Rep:Mod:Andy1236
Physical Computational Lab - Transition states
Cope Rearrangement[1]
The cope rearrangement is a [3,3]-sigmatropic shift reaction which proceeds through a concerted cyclic transition state (pericyclic reaction). It is a six electron process and so is allowed under thermal activation.

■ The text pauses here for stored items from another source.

text \<open>M_i: the matroid on V obtained from M[IAS(G)]|T via v \<mapsto> element of T in the triple of v;
  its representation has rows V and column of v equal to the IAS column of tv T v.\<close>
definition trans_col :: "('a \<Rightarrow> 'a \<Rightarrow> bool) \<Rightarrow> (wkind \<times> 'a) set \<Rightarrow> 'a \<Rightarrow> 'a \<Rightarrow> bit" where
  "trans_col E T v = ias_col E (tv T v)"

end

theory Submission
  imports Defs
begin

text \<open>Write K1, K2, K3 for the cycle spaces of M1, M2, M3. The column of Mi at v is
  a e_v + b A e_v, where (a, b) is one of the three nonzero vectors of GF(2)^2, chosen by which of
  phi, chi, psi lies in Ti. Two distinct such vectors form a basis of GF(2)^2 and A is symmetric;
  together this makes every cycle of M1 meet every cycle of M2 in an even number of vertices,
  so K2 is contained in the orthogonal complement of K1. Since dim Ki = n - r(Ti) and
  r(T1) + r(T2) = n, counting forces K2 and K1 to be the orthogonal complements of K1 and K2,
  i.e. the cocycle spaces of M1 and M2, so both bicycle spaces equal K1 \<inter> K2. The three coefficient
  vectors sum to zero, so every column of M3 is the sum of the corresponding columns of M1 and M2;
  hence K1 \<inter> K2 \<subseteq> K3, while orthogonality of K3 to K1 and K2 gives K3 \<subseteq> K2 \<inter> K1.\<close>

declare add_bit_eq_xor [simp del] mult_bit_eq_and [simp del]

lemma bit_add_self [simp]: "(a::bit) + a = 0"
  by (cases a) simp_all

lemma bit_eq_iff_add_eq_0: "(a::bit) = b \<longleftrightarrow> a + b = 0"
  by (cases a; cases b) simp_all

lemma bit_add_eq_0_iff: "(a::bit) + b = 0 \<longleftrightarrow> (a = 0 \<longleftrightarrow> b = 0)"
  by (cases a; cases b) simp_all

lemma of_nat_bit_eq_0_iff: "(of_nat n :: bit) = 0 \<longleftrightarrow> even n"
  by (induction n) auto

lemma sum_sym_diff_bit:
  assumes "finite A" "finite B"
  shows "sum (f :: _ \<Rightarrow> bit) (sym_diff A B) = sum f A + sum f B"
proof -
  have "sum f (sym_diff A B) = sum f (A - B) + sum f (B - A)"
    using assms by (intro sum.union_disjoint) auto
  moreover have "sum f A = sum f (A \<inter> B) + sum f (A - B)" "sum f B = sum f (A \<inter> B) + sum f (B - A)"
    using sum.Int_Diff[OF assms(1), of f B] sum.Int_Diff[OF assms(2), of f A]
    by (simp_all add: Int_commute)
  ultimately show ?thesis
    by (simp add: add.assoc add.left_commute)
qed

lemma even_card_sym_diff_Int:
  assumes "finite A" "finite B"
  shows "even (card (sym_diff A B \<inter> Y)) \<longleftrightarrow> (even (card (A \<inter> Y)) \<longleftrightarrow> even (card (B \<inter> Y)))"
proof -
  have card_Int: "(of_nat (card (X \<inter> Y)) :: bit) = (\<Sum>x\<in>X. of_bool (x \<in> Y))" if "finite X" for X
    using that by (simp add: Int_def)
  have sd: "(of_nat (card (sym_diff A B \<inter> Y)) :: bit) = of_nat (card (A \<inter> Y)) + of_nat (card (B \<inter> Y))"
    using assms by (simp only: card_Int finite_UnI finite_Diff sum_sym_diff_bit)
  show ?thesis
    unfolding of_nat_bit_eq_0_iff[symmetric] sd bit_add_eq_0_iff ..
qed

definition col_sum :: "'r set \<Rightarrow> ('e \<Rightarrow> 'r \<Rightarrow> bit) \<Rightarrow> 'e set \<Rightarrow> 'r \<Rightarrow> bit" where
  "col_sum R col X = (\<lambda>r. if r \<in> R then \<Sum>x\<in>X. col x r else 0)"

lemma col_sum_sym_diff:
  "finite A \<Longrightarrow> finite B \<Longrightarrow>
     col_sum R col (sym_diff A B) = (\<lambda>r. col_sum R col A r + col_sum R col B r)"
  by (auto simp: col_sum_def sum_sym_diff_bit)

lemma col_sum_eq_0_iff: "col_sum R col X = (\<lambda>_. 0) \<longleftrightarrow> (\<forall>r\<in>R. (\<Sum>x\<in>X. col x r) = 0)"
  by (auto simp: col_sum_def fun_eq_iff)

lemma cycle_space_eq: "cycle_space R S col = {X. X \<subseteq> S \<and> col_sum R col X = (\<lambda>_. 0)}"
  by (simp add: cycle_space_def col_sum_eq_0_iff)

lemma bin_indep_iff:
  "bin_indep R col I \<longleftrightarrow> finite I \<and> (\<forall>J\<subseteq>I. col_sum R col J = (\<lambda>_. 0) \<longrightarrow> J = {})"
  unfolding bin_indep_def col_sum_eq_0_iff by blast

The starting product was modelled using a Hartree Fock method, the command line:
"# opt HF/3-21G"
The anti and gauche conformations of the molecule were modelled, prior to the calculations finishing, one would expect the gauche conformer to be higher in energy due to steric reasons (the groups on each end want to be furthest from each other).
| Anti | Gauche | |||||
| Molecule | ||||||
| Dihedral / ° | 176.926 | 63.677 | ||||
| Energy / Hartrees | -231.6926024 | -231.6915304 | ||||
| Point group | Ci | C2 |
Clearly following these calculations, the relative energies of the conformers is in disagreement with the expected result, the gauche conformer is lower in energy. The energies match exactly with the molecules in appendix 1, where the anti conformer matches "Anti1" and the gauche conformer matches "Gauche2", the point groups are also in agreement.
Next the conformer with Ci symmetry was optimised using the same method, the resulting geometry was then submitted to optimise using a DFT method, the command line was:
"# opt b3ylp/6-31G(d)"
| Hartree-Fock | B3YLP/6-31Gd | |||||
| Molecule |
|
| ||||
| Energy | -231.6925353 | -234.6117011 | ||||
| Bond 1-2 | 1.32 | 1.33 | ||||
| Bond 2-3 | 1.51 | 1.5 | ||||
| Bond 3-4 | 1.55 | 1.55 | ||||
| Bond 4-5 | 1.51 | 1.5 | ||||
| Bond 5-6 | 1.32 | 1.33 | ||||
| Dihedral 1-2-3-4 | 114.66 | 118.48 | ||||
| Dihedral 2-3-4-5 | 180 | 180 | ||||
| Dihedral 3-4-5-6 | 114.66 | 118.48 |
The largest difference in the geometries of the HF and DFT methods is the dihedral angles moving to DFT has left the middle angle at 180° (pureky anti) and opened the end dihedrals by 2°. There was also a small difference in the bond lengths, proving that there is a need for higher level calculations to get an accurate representation of the lowest energy geometry.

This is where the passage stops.